- _HOW TO COMPLETE THIS TASK_
Give the number of lines in the listing below that include the word "term", with nothing more.

- _RECORDS_

-=-=-

text \<open>Put \<open>\<lambda> = z\<^sup>2\<close>. Two perfect matchings cover the same vertices by \<open>k\<close>-sets, so
  \<open>|M \<triangle> N| = 2 |N - M|\<close> and \<open>Z\<^sub>p\<^sub>m\<close> is \<open>P(V)\<close>, where \<open>P(U)\<close> sums \<open>\<lambda>\<^bsup>|N - M|\<^esup>\<close> over the
  perfect matchings \<open>N\<close> of \<open>U\<close>. Let \<open>core U\<close> be the union of the blocks of \<open>M\<close> inside \<open>U\<close>
  and \<open>c = 1 - 1/(2k)\<close>. By induction on \<open>U\<close>: \<open>c |P(U - B)| \<le> |P(U)|\<close> for every block
  \<open>B \<subseteq> U\<close> when \<open>core U = U\<close>, and \<open>|P(U)| \<le> |P(core U)|\<close> in general. Expanding \<open>P(U)\<close> along a
  vertex \<open>v\<close> gives \<open>P(U - B)\<close> (or \<open>0\<close> if no block inside \<open>U\<close> contains \<open>v\<close>) plus
  \<open>\<lambda> \<Sum> P(U - f)\<close> over the non-matching edges \<open>f \<ni> v\<close> inside \<open>U\<close>. As \<open>core (U - f)\<close> arises
  from a smaller set \<open>W\<close> with \<open>core W = W\<close> by deleting at most \<open>k - 1\<close> blocks,
  \<open>c\<^bsup>k-1\<^esup> |P(U - f)| \<le> |P(W)|\<close>, and the degree bound makes the \<open>\<lambda>\<close>-term at most \<open>1 - c\<close> times
  the main term. Deleting all blocks of \<open>M\<close> from \<open>V\<close> yields \<open>|P(V)| \<ge> c\<^bsup>|M|\<^esup> > 0\<close>.
  The bound \<open>|z| \<le> 1/(\<Delta> - 1 + k)\<close> already suffices.\<close>

lemma perfect_matchingD:
  assumes "perfect_matching U E N"
  shows "N \<subseteq> E" "\<Union>N = U" "\<And>e f. e \<in> N \<Longrightarrow> f \<in> N \<Longrightarrow> e \<noteq> f \<Longrightarrow> e \<inter> f = {}"
  using assms unfolding perfect_matching_def by auto

lemma perfect_matchingI:
  assumes "N \<subseteq> E" "\<Union>N = U" "\<And>e f. e \<in> N \<Longrightarrow> f \<in> N \<Longrightarrow> e \<noteq> f \<Longrightarrow> e \<inter> f = {}"
  shows "perfect_matching U E N"
  using assms unfolding perfect_matching_def by blast

lemma perfect_matching_edge_unique:
  assumes "perfect_matching U E N" "e \<in> N" "f \<in> N" "x \<in> e" "x \<in> f"
  shows "e = f"
  using perfect_matchingD(3)[OF assms(1,2,3)] assms(4,5) by blast

lemma perfect_matching_remove_edge:
  assumes "perfect_matching U E N" "f \<in> N"
  shows "perfect_matching (U - f) E (N - {f})"
proof (rule perfect_matchingI)
  note N = perfect_matchingD[OF assms(1)]
  show "\<Union>(N - {f}) = U - f"
    using N(2,3) assms(2) by blast
qed (use perfect_matchingD[OF assms(1)] in auto)

lemma perfect_matching_insert_edge:
  assumes "perfect_matching (U - f) E N" "f \<in> E" "f \<subseteq> U"
  shows "perfect_matching U E (insert f N)"
proof (rule perfect_matchingI)
  note N = perfect_matchingD[OF assms(1)]
  show "\<Union>(insert f N) = U"
    using N(2) assms(3) by blast
  have "e \<inter> f = {}" if "e \<in> N" for e
    using N(2) that by blast
  then show "e \<inter> g = {}" if "e \<in> insert f N" "g \<in> insert f N" "e \<noteq> g" for e g
    using N(3) that by blast
qed (use perfect_matchingD(1)[OF assms(1)] assms(2) in auto)

lemma perfect_matching_subset:
  assumes "perfect_matching U E N" "N' \<subseteq> N"
  shows "perfect_matching (\<Union>N') E N'"
  using perfect_matchingD(1,3)[OF assms(1)] assms(2) by (intro perfect_matchingI) auto

lemma perfect_matching_Diff_notin:
  assumes "perfect_matching (U - f) E N" "f \<noteq> {}"
  shows "f \<notin> N"
proof
  assume "f \<in> N"
  then have "f \<subseteq> U - f"
    using perfect_matchingD(2)[OF assms(1)] by (metis Sup_upper)
  then show False
    using assms(2) by blast
qed

lemma perfect_matching_insert_bij:
  assumes "f \<in> E" "f \<subseteq> U" "f \<noteq> {}"
  shows "bij_betw (insert f) {N. perfect_matching (U - f) E N} {N. perfect_matching U E N \<and> f \<in> N}"
proof (rule bij_betw_byWitness[where f' = "\<lambda>N. N - {f}"])
  have "f \<notin> N" if "perfect_matching (U - f) E N" for N
    using perfect_matching_Diff_notin[OF that assms(3)] .
  then show "\<forall>N\<in>{N. perfect_matching (U - f) E N}. insert f N - {f} = N"
    by auto
  show "insert f ` {N. perfect_matching (U - f) E N} \<subseteq> {N. perfect_matching U E N \<and> f \<in> N}"
    using perfect_matching_insert_edge assms by blast
  show "(\<lambda>N. N - {f}) ` {N. perfect_matching U E N \<and> f \<in> N} \<subseteq> {N. perfect_matching (U - f) E N}"
    using perfect_matching_remove_edge by blast
qed auto

lemma perfect_matching_Union_diff_subset:
  assumes "perfect_matching V E M" "perfect_matching V E N"
  shows "\<Union>(M - N) \<subseteq> \<Union>(N - M)"
proof
  fix x assume "x \<in> \<Union>(M - N)"
  then obtain B where B: "B \<in> M" "B \<notin> N" "x \<in> B" by blast
  have "x \<in> \<Union>N"
    using perfect_matchingD(2)[OF assms(1)] perfect_matchingD(2)[OF assms(2)] B by blast
  then obtain e where e: "e \<in> N" "x \<in> e" by blast
  have "e \<notin> M"
    using perfect_matching_edge_unique[OF assms(1) _ B(1) _ B(3)] B(2) e by blast
  then show "x \<in> \<Union>(N - M)" using e by blast
qed

lemma power_card_insert_diff:
  fixes w :: "'b :: monoid_mult"
  assumes "finite N" "f \<notin> N"
  shows "w ^ card (insert f N - M) = (if f \<in> M then 1 else w) * w ^ card (N - M)"
proof (cases "f \<in> M")
  case True
  then have "insert f N - M = N - M" by blast
  then show ?thesis using True by simp
next
  case False
  then have "insert f N - M = insert f (N - M)" by blast
  then show ?thesis using False assms by simp
qed

lemma norm_mult_sum_le:
  fixes w :: "'b :: real_normed_field" and b :: "'i \<Rightarrow> 'b"
  assumes "real (card F) * norm w \<le> q * r" "0 < q" "0 \<le> A"
    and "\<And>i. i \<in> F \<Longrightarrow> q * norm (b i) \<le> A"
  shows "norm (w * sum b F) \<le> r * A"
proof -
  have "q * norm (w * sum b F) \<le> norm w * (\<Sum>i\<in>F. q * norm (b i))"
    using norm_sum[of b F] assms(2) norm_ge_zero[of w]
    by (simp add: norm_mult sum_distrib_left[symmetric] mult.left_commute mult_left_mono)
  also have "\<dots> \<le> norm w * (real (card F) * A)"
    using sum_bounded_above[of F "\<lambda>i. q * norm (b i)" A] assms(4) by (simp add: mult_left_mono)
  also have "\<dots> \<le> q * (r * A)"
    using mult_right_mono[OF assms(1,3)] by (simp add: mult_ac)
  finally show ?thesis
    using assms(2) by simp
qed

locale uniform_hypergraph_pm =
  fixes V :: "'a set" and E :: "'a set set" and M :: "'a set set" and k :: nat
  assumes hypergraph: "hypergraph V E" and uniform: "uniform k E" and k_pos: "k \<ge> 1"
    and perfect: "perfect_matching V E M"
begin

lemma finite_V: "finite V"
  using hypergraph unfolding hypergraph_def by blast

lemma edge_subset: "e \<in> E \<Longrightarrow> e \<subseteq> V"
  using hypergraph unfolding hypergraph_def by blast

lemma card_edge: "e \<in> E \<Longrightarrow> card e = k"
  using uniform unfolding uniform_def by blast

lemma finite_edge: "e \<in> E \<Longrightarrow> finite e"
  using finite_subset[OF edge_subset finite_V] .

lemma edge_nonempty: "e \<in> E \<Longrightarrow> e \<noteq> {}"
  using card_edge k_pos by force

lemma finite_E: "finite E"
proof (rule finite_subset)
  show "E \<subseteq> Pow V"
    using edge_subset by blast
qed (simp add: finite_V)

lemma M_subset_E: "M \<subseteq> E" and Union_M: "\<Union>M = V"
  using perfect_matchingD(1,2)[OF perfect] by simp_all

lemma finite_M: "finite M"
  using finite_subset[OF M_subset_E finite_E] .

lemma block_unique: "B \<in> M \<Longrightarrow> B' \<in> M \<Longrightarrow> x \<in> B \<Longrightarrow> x \<in> B' \<Longrightarrow> B = B'"
  using perfect_matching_edge_unique[OF perfect] by blast

lemma finite_perfect_matchings: "finite {N. perfect_matching U E N}"
proof (rule finite_subset)
  show "{N. perfect_matching U E N} \<subseteq> Pow E"
    using perfect_matchingD(1) by blast
qed (simp add: finite_E)

lemma finite_perfect_matching: "perfect_matching U E N \<Longrightarrow> finite N"
  using finite_subset[OF perfect_matchingD(1) finite_E] .

lemma card_Union_matching:
  assumes "perfect_matching U E N"
  shows "card (\<Union>N) = k * card N"
proof -
  note N = perfect_matchingD[OF assms]
  have "pairwise disjnt N"
    using N(3) unfolding pairwise_def disjnt_def by blast
  then have "card (\<Union>N) = (\<Sum>e\<in>N. card e)"
    using card_Union_disjoint finite_edge N(1) by (metis subsetD)
  also have "\<dots> = k * card N"
    using N(1) card_edge by (simp add: subset_iff)
  finally show ?thesis .
qed

lemma card_symmetric_difference:
  assumes "perfect_matching V E N"
  shows "card (M - N \<union> (N - M)) = 2 * card (N - M)"
proof -
  have "\<Union>(M - N) = \<Union>(N - M)"
    using perfect_matching_Union_diff_subset perfect assms by blast
  then have "card (M - N) = card (N - M)"
    using card_Union_matching[OF perfect_matching_subset[OF perfect, of "M - N"]]
      card_Union_matching[OF perfect_matching_subset[OF assms, of "N - M"]] k_pos
    by simp
  moreover have "card (M - N \<union> (N - M)) = card (M - N) + card (N - M)"
    using finite_M finite_perfect_matching[OF assms] by (intro card_Un_disjoint) auto
  ultimately show ?thesis
    by linarith
qed

definition match_poly :: "complex \<Rightarrow> 'a set \<Rightarrow> complex" where
  "match_poly w U = (\<Sum>N\<in>{N. perfect_matching U E N}. w ^ card (N - M))"

lemma Z_pm_eq_match_poly: "Z_pm V E M z = match_poly (z\<^sup>2) V"
  unfolding Z_pm_def match_poly_def
  by (rule sum.cong) (simp_all add: card_symmetric_difference power_mult)

lemma match_poly_empty: "match_poly w {} = 1"
proof -
  have "N = {}" if "perfect_matching {} E N" for N
    using perfect_matchingD(1,2)[OF that] edge_nonempty by blast
  then have "{N. perfect_matching {} E N} = {{}}"
    unfolding perfect_matching_def by auto
  then show ?thesis
    unfolding match_poly_def by simp
qed

lemma sum_perfect_matchings_split_at:
  assumes "v \<in> U"
  shows "(\<Sum>N\<in>{N. perfect_matching U E N}. g N)
       = (\<Sum>f\<in>{f\<in>E. v \<in> f \<and> f \<subseteq> U}. \<Sum>N\<in>{N. perfect_matching U E N \<and> f \<in> N}. g N)"
proof -
  define F where "F = {f\<in>E. v \<in> f \<and> f \<subseteq> U}"
  define A where "A f = {N. perfect_matching U E N \<and> f \<in> N}" for f
  have "{N. perfect_matching U E N} \<subseteq> (\<Union>f\<in>F. A f)"
  proof
    fix N assume "N \<in> {N. perfect_matching U E N}"
    then have N: "perfect_matching U E N" by simp
    then obtain f where "f \<in> N" "v \<in> f"
      using perfect_matchingD(2)[OF N] assms by blast
    moreover have "f \<subseteq> U" "f \<in> E"
      using perfect_matchingD(1,2)[OF N] \<open>f \<in> N\<close> by auto
    ultimately show "N \<in> (\<Union>f\<in>F. A f)"
      unfolding A_def F_def using N by blast
  qed
  moreover have "(\<Union>f\<in>F. A f) \<subseteq> {N. perfect_matching U E N}"
    unfolding A_def by auto
  ultimately have "{N. perfect_matching U E N} = (\<Union>f\<in>F. A f)"
    by (rule subset_antisym)
  moreover have "A f \<inter> A f' = {}" if "f \<in> F" "f' \<in> F" "f \<noteq> f'" for f f'
  proof -
    have "v \<in> f" "v \<in> f'"
      using that unfolding F_def by auto
    then show ?thesis
      unfolding A_def using perfect_matching_edge_unique[of U E _ f f' v] that(3) by auto
  qed
  moreover have "finite (A f)" for f
    unfolding A_def using finite_perfect_matchings by simp
  moreover have "finite F"
    unfolding F_def using finite_E by simp
  ultimately have "(\<Sum>N\<in>{N. perfect_matching U E N}. g N) = (\<Sum>f\<in>F. \<Sum>N\<in>A f. g N)"
    by (simp add: sum.UNION_disjoint)
  then show ?thesis
    unfolding A_def F_def .
qed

-=-=-

- _OUTPUT OF THE TASK_
2